Re: [PATCH 2/3] cryptodisk: Add --header option to cryptomount to support detached headers

[Glenn Washburn]

On Sun, 15 May 2022 18:47:47 +0200
Patrick Steinhardt <ps@pks.im> wrote:

> On Tue, May 10, 2022 at 11:53:08PM -0500, Glenn Washburn wrote:
> > Add a --header (short -H) option to cryptomount which takes a file argument.
> > Using the improved read hook, setup a read hook on the source device which
> > will read from the given header file during the scan and recovery cryptodisk
> > backend functions. This makes supporting detached headers transparent to the
> > backend, so long as the attached header is located at the start of the
> > source disk. This is not the case for GELI volumes, which have the header at
> > the end of the volume.

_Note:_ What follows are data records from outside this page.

(* Fix $r\in(0,\pi/2)$ and let $s(\ell)=\sin^3\ell$, $s^{(-1)}$ its primitive vanishing at $0$ and $s^{(-2)}$ the primitive of $s^{(-1)}$ vanishing at $0$. Define, for $\ell\in[0,\pi)$ and $\alpha,\beta\in[0,\pi/2)$, \[g(\ell,\alpha,\beta) =\frac43 \ell - \frac{s(\ell)}{9\tan^2r \cos\alpha\cos\beta} -\frac{s^{(-1)}(\ell)}{3\tan r}\left(\frac1{\cos\alpha}+\frac1{\cos\beta}\right)-s^{(-2)}(\ell),\] and $f(\alpha,\beta)=\sup_\ell g(\ell,\alpha,\beta)$. Then: (1) for each fixed $\alpha$, the maximum of $\ell\mapsto g(\ell,\alpha,\alpha)$ is attained at $\ell=2\arctan(\tan r\cos\alpha)$ and only there; (2) for all $\alpha,\beta$, $f(\alpha,\beta)\le \frac12\left(f(\alpha,\alpha)+f(\beta,\beta)\right)$, with equality only for $\alpha=\beta$. *)

theory Defs
  imports "HOL-Analysis.Analysis"
begin

definition s :: "real \<Rightarrow> real" where
  "s l = (sin l) ^ 3"

definition s1 :: "real \<Rightarrow> real" where
  "s1 l = integral {0..l} s"

definition s2 :: "real \<Rightarrow> real" where
  "s2 l = integral {0..l} s1"

definition g :: "real \<Rightarrow> real \<Rightarrow> real \<Rightarrow> real \<Rightarrow> real" where
  "g r l a b = 4/3 * l - s l / (9 * (tan r)^2 * cos a * cos b)
      - s1 l / (3 * tan r) * (1 / cos a + 1 / cos b) - s2 l"

definition f :: "real \<Rightarrow> real \<Rightarrow> real \<Rightarrow> real" where
  "f r a b = (SUP l\<in>{0..<pi}. g r l a b)"

end

theory Submission
  imports Defs
begin

text \<open>
  In the variables \<open>x = 1 / (tan r * cos a)\<close>, \<open>y = 1 / (tan r * cos b)\<close> and
  \<open>l = pi - 2 * arctan w\<close>, the closed forms of \<open>s1\<close> and \<open>s2\<close> turn \<open>g\<close> into \<open>4/9 * Q w x y\<close>,
  a quadratic expression in \<open>x, y\<close> built from the 2-jet at \<open>w\<close> of \<open>chi\<close>, which is strictly convex with
  \<open>chi'' \<ge> 0\<close> on \<open>[0, \<infinity>)\<close>. On the diagonal, \<open>chi x - Q w x x\<close> is the tangent gap of \<open>chi\<close> at
  \<open>w\<close> plus \<open>chi'' w * (x - w)^2 / 4\<close>, so the maximum is attained exactly at \<open>w = x\<close>, i.e. at
  \<open>l = 2 * arctan (tan r * cos a)\<close>, with value \<open>4/9 * chi x\<close>.

  Off the diagonal it suffices that \<open>H x y w = chi x + chi y - 2 * Q w x y > 0\<close> for \<open>x \<noteq> y\<close>.
  If \<open>w\<close> is not strictly between \<open>x\<close> and \<open>y\<close>, \<open>H\<close> is a sum of two tangent gaps and a
  nonnegative term. Otherwise take a minimiser \<open>v\<close> of \<open>H x y\<close> on \<open>[x, y]\<close>: at the endpoints
  \<open>H\<close> is a single tangent gap, and at an interior critical point \<open>y\<close> is the rational function
  \<open>v + partner v (v - x)\<close> of \<open>x\<close> and \<open>v\<close>; along this curve \<open>H\<close> starts at \<open>0\<close> and is strictly
  increasing, by two rational estimates on increments of \<open>chi'\<close>.
\<close>

section \<open>Closed forms and change of variables\<close>

lemma s1_closed_form:
  assumes "0 \<le> l"
  shows "s1 l = 2/3 - cos l + cos l ^ 3 / 3"
proof -
  have "((\<lambda>t. 2/3 - cos t + cos t ^ 3 / 3) has_real_derivative s t) (at t within {0..l})" for t
  proof -
    have "s t = sin t - cos t ^ 2 * sin t"
      unfolding s_def using sin_cos_squared_add[of t] by algebra
    then show ?thesis by (auto intro!: derivative_eq_intros)
  qed
  from fundamental_theorem_of_calculus[OF assms this[unfolded has_real_derivative_iff_has_vector_derivative]]
  show ?thesis unfolding s1_def by (simp add: integral_unique)
qed

lemma s2_closed_form:
  assumes "0 \<le> l"
  shows "s2 l = 2/3 * l - 2/3 * sin l - sin l ^ 3 / 9"
proof -
  have "((\<lambda>t. 2/3 * t - 2/3 * sin t - sin t ^ 3 / 9) has_real_derivative s1 t) (at t within {0..l})"
    if "t \<in> {0..l}" for t
  proof -
    have "s1 t = 2/3 - cos t + cos t ^ 3 / 3"
      using that by (simp add: s1_closed_form)
    also have "\<dots> = 2/3 - 2/3 * cos t - sin t ^ 2 * cos t / 3"
      using sin_cos_squared_add[of t] by algebra
    finally have "s1 t = \<dots>" .
    then show ?thesis by (auto intro!: derivative_eq_intros)
  qed
  from fundamental_theorem_of_calculus[OF assms this[unfolded has_real_derivative_iff_has_vector_derivative]]
  show ?thesis unfolding s2_def by (simp add: integral_unique)
qed

definition G :: "real \<Rightarrow> real \<Rightarrow> real \<Rightarrow> real" where
  "G l x y = 4/3 * l - s l * x * y / 9 - s1 l * (x + y) / 3 - s2 l"

lemma g_eq_G:
  assumes "tan r \<noteq> 0" "cos a \<noteq> 0" "cos b \<noteq> 0"
  shows "g r l a b = G l (1 / (tan r * cos a)) (1 / (tan r * cos b))"
  using assms unfolding g_def G_def by (simp add: field_simps power2_eq_square)

lemma G_zero: "G 0 x y = 0"
  unfolding G_def s_def s1_def s2_def by simp

lemma continuous_on_G: "continuous_on {0..pi} (\<lambda>l. G l x y)"
proof -
  have "continuous_on {0..pi} (\<lambda>l. 4/3 * l - sin l ^ 3 * x * y / 9
      - (2/3 - cos l + cos l ^ 3 / 3) * (x + y) / 3 - (2/3 * l - 2/3 * sin l - sin l ^ 3 / 9))"
    by (intro continuous_intros) auto
  then show ?thesis
    by (rule continuous_on_cong[THEN iffD1, rotated 2])
       (simp_all add: G_def s_def s1_closed_form s2_closed_form)
qed

definition chi :: "real \<Rightarrow> real" where
  "chi z = 3 * pi / 2 - 3 * arctan z + z / (1 + z^2)"

definition chi' :: "real \<Rightarrow> real" where
  "chi' z = - (2 + 4 * z^2) / (1 + z^2)^2"

definition chi'' :: "real \<Rightarrow> real" where
  "chi'' z = 8 * z^3 / (1 + z^2)^3"

definition chi''' :: "real \<Rightarrow> real" where
  "chi''' z = 24 * z^2 * (1 - z^2) / (1 + z^2)^4"

definition Q :: "real \<Rightarrow> real \<Rightarrow> real \<Rightarrow> real" where
  "Q w x y = chi w + chi' w * (x + y - 2 * w) / 2 - chi'' w * (x - w) * (y - w) / 4"

lemma one_plus_square_pos: "0 < 1 + (z::real)^2"
  by (simp add: add_pos_nonneg)

lemma G_arctan: "G (pi - 2 * arctan w) x y = 4/9 * Q w x y"
proof -
  define l where "l = pi - 2 * arctan w"
  define iD where "iD = 1 / (1 + w^2)"
  have D: "1 + w^2 \<noteq> 0"
    using one_plus_square_pos[of w] by simp
  then have iD: "iD * (1 + w^2) = 1" unfolding iD_def by simp
  have sin_l: "sin l = 2 * w * iD"
    using D unfolding l_def iD_def sin_diff sin_double cos_double
    by (simp add: sin_arctan cos_arctan power_divide field_simps)
  have cos_l: "cos l = (w^2 - 1) * iD"
    using D unfolding l_def iD_def cos_diff sin_double cos_double
    by (simp add: sin_arctan cos_arctan power_divide field_simps)
  have "0 \<le> l" unfolding l_def using arctan_ubound[of w] by simp
  then have "G l x y = 2/3 * l + 2/3 * sin l + sin l ^ 3 / 9 - sin l ^ 3 * x * y / 9
      - (2/3 - cos l + cos l ^ 3 / 3) * (x + y) / 3"
    unfolding G_def s_def by (simp add: s1_closed_form s2_closed_form algebra_simps)
  moreover have "Q w x y = 3 * pi / 2 - 3 * arctan w + w * iD
      + (- (2 + 4 * w^2) * iD^2) * (x + y - 2 * w) / 2 - 8 * w^3 * iD^3 * (x - w) * (y - w) / 4"
    unfolding Q_def chi_def chi'_def chi''_def iD_def by (simp add: power_divide)
  \<comment> \<open>18 times the rational identity that remains, with \<open>1 / (1 + w^2)\<close> kept as an atom\<close>
  moreover have "24 * w * iD + 16 * w^3 * iD^3 - 16 * w^3 * iD^3 * x * y
      - (4 - 6 * ((w^2 - 1) * iD) + 2 * ((w^2 - 1) * iD)^3) * (x + y)
    = 8 * (w * iD - (1 + 2 * w^2) * iD^2 * (x + y - 2 * w) - 2 * w^3 * iD^3 * (x - w) * (y - w))"
    using iD by algebra
  ultimately show ?thesis
    unfolding l_def[symmetric] sin_l cos_l by (simp add: l_def field_simps)
qed

section \<open>Convexity of \<open>chi\<close>\<close>

lemma chi_deriv: "(chi has_real_derivative chi' z) (at z)"
proof -
  have "(chi has_real_derivative - 3 * inverse (1 + z^2) + (1 - z^2) / (1 + z^2)^2) (at z)"
    unfolding chi_def using one_plus_square_pos[of z]
    by (auto intro!: derivative_eq_intros simp: power2_eq_square)
  moreover have "- 3 * inverse (1 + z^2) + (1 - z^2) / (1 + z^2)^2 = chi' z"
  proof -
    define D where "D = 1 + z^2"
    have "D \<noteq> 0" using one_plus_square_pos[of z] unfolding D_def by auto
    then have "- 3 * inverse D + (1 - (D - 1)) / D^2 = - (2 + 4 * (D - 1)) / D^2"
      by (simp add: field_simps power2_eq_square)
    then show ?thesis unfolding chi'_def D_def by simp
  qed
  ultimately show ?thesis by simp
qed

lemma chi'_deriv: "(chi' has_real_derivative chi'' z) (at z)"
  unfolding chi'_def chi''_def using one_plus_square_pos[of z]
  by (auto intro!: derivative_eq_intros simp: field_simps) (simp add: algebra_simps eval_nat_numeral)

lemma chi''_deriv: "(chi'' has_real_derivative chi''' z) (at z)"
  unfolding chi''_def chi'''_def using one_plus_square_pos[of z]
  by (auto intro!: derivative_eq_intros simp: field_simps) (simp add: algebra_simps eval_nat_numeral)

lemma chi''_nonneg: "0 \<le> z \<Longrightarrow> 0 \<le> chi'' z"
  unfolding chi''_def using one_plus_square_pos[of z] by simp

lemma chi'_strict_mono:
  assumes "0 \<le> q" "q < p"
  shows "chi' q < chi' p"
proof (rule DERIV_pos_imp_increasing_open[OF assms(2)])
  fix z assume "q < z" "z < p"
  then have "0 < chi'' z" unfolding chi''_def using assms(1) one_plus_square_pos[of z] by simp
  then show "\<exists>d. (chi' has_real_derivative d) (at z) \<and> 0 < d" using chi'_deriv by blast
qed (meson DERIV_isCont chi'_deriv continuous_at_imp_continuous_on)

lemma chi_above_tangent:
  assumes "0 \<le> w" "0 \<le> z" "z \<noteq> w"
  shows "chi w + chi' w * (z - w) < chi z"
proof (cases "w < z")
  case True
  then obtain c where "w < c" "c < z" "chi z - chi w = (z - w) * chi' c"
    using MVT2[OF True chi_deriv] by blast
  moreover have "(z - w) * chi' w < (z - w) * chi' c"
    using chi'_strict_mono assms \<open>w < c\<close> True by simp
  ultimately show ?thesis by (simp add: algebra_simps)
next
  case False
  then have "z < w" using assms by simp
  then obtain c where "z < c" "c < w" "chi w - chi z = (w - z) * chi' c"
    using MVT2[OF \<open>z < w\<close> chi_deriv] by blast
  moreover have "(w - z) * chi' c < (w - z) * chi' w"
    using chi'_strict_mono assms \<open>z < c\<close> \<open>c < w\<close> by simp
  ultimately show ?thesis by (simp add: algebra_simps)
qed

lemma chi_pos: "0 \<le> z \<Longrightarrow> 0 < chi z"
  unfolding chi_def using arctan_ubound[of z] one_plus_square_pos[of z]
  by (simp add: add_pos_nonneg)

lemma Q_diag [simp]: "Q z z z = chi z"
  unfolding Q_def by simp

lemma Q_diag_lt_chi:
  assumes "0 \<le> w" "0 \<le> x" "w \<noteq> x"
  shows "Q w x x < chi x"
proof -
  have "Q w x x = chi w + chi' w * (x - w) - chi'' w * (x - w)^2 / 4"
    unfolding Q_def by (simp add: field_simps power2_eq_square)
  moreover have "0 \<le> chi'' w * (x - w)^2 / 4"
    using chi''_nonneg assms by simp
  ultimately show ?thesis
    using chi_above_tangent[of w x] assms by simp
qed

So GELI will return an error if a detached header is
> > specified.
> > 
> > Signed-off-by: Glenn Washburn <development@efficientek.com>
> > ---
> >  grub-core/disk/cryptodisk.c | 68 ++++++++++++++++++++++++++++++++++++-
> >  grub-core/disk/geli.c       |  4 +++
> >  include/grub/cryptodisk.h   |  2 ++
> >  include/grub/file.h         |  2 ++
> >  4 files changed, 75 insertions(+), 1 deletion(-)
> > 
> > diff --git a/grub-core/disk/cryptodisk.c b/grub-core/disk/cryptodisk.c
> > index 19af4fa49..4307b723b 100644
> > --- a/grub-core/disk/cryptodisk.c
> > +++ b/grub-core/disk/cryptodisk.c
> > @@ -45,9 +45,18 @@ static const struct grub_arg_option options[] =
> >      {"key-file", 'k', 0, N_("Key file"), 0, ARG_TYPE_STRING},
> >      {"keyfile-offset", 'O', 0, N_("Key file offset (bytes)"), 0, 
> > ARG_TYPE_INT},
> >      {"keyfile-size", 'S', 0, N_("Key file data size (bytes)"), 0, 
> > ARG_TYPE_INT},
> > +    {"header", 'H', 0, N_("Read header from file"), 0, ARG_TYPE_STRING},
> >      {0, 0, 0, 0, 0, 0}
> >    };
> >  
> > +struct cryptodisk_read_hook_ctx
> > +{
> > +  grub_disk_read_hook_t prev_read_hook;
> > +  void *prev_read_hook_data;
> > +  grub_file_t hdr_file;
> > +};
> > +typedef struct cryptodisk_read_hook_ctx *cryptodisk_read_hook_ctx_t;
> > +
> >  /* Our irreducible polynom is x^128+x^7+x^2+x+1. Lowest byte of it is:  */
> >  #define GF_POLYNOM 0x87
> >  static inline int GF_PER_SECTOR (const struct grub_cryptodisk *dev)
> > @@ -993,6 +1002,31 @@ cryptodisk_close (grub_cryptodisk_t dev)
> >    grub_free (dev);
> >  }
> >  
> > +static grub_err_t
> > +cryptodisk_read_hook (grub_disk_addr_t sector, unsigned offset,
> > +                 unsigned length, char *buf, void *data)
> > +{
> > +  grub_err_t ret = GRUB_ERR_NONE;
> > +  cryptodisk_read_hook_ctx_t ctx = data;
> > +
> > +  if (ctx->hdr_file == NULL)
> > +    return GRUB_ERR_NONE;
> 
> If you intend to keep support for `prev_read_hook`, then this case
> should likely also execute it, shouldn't it?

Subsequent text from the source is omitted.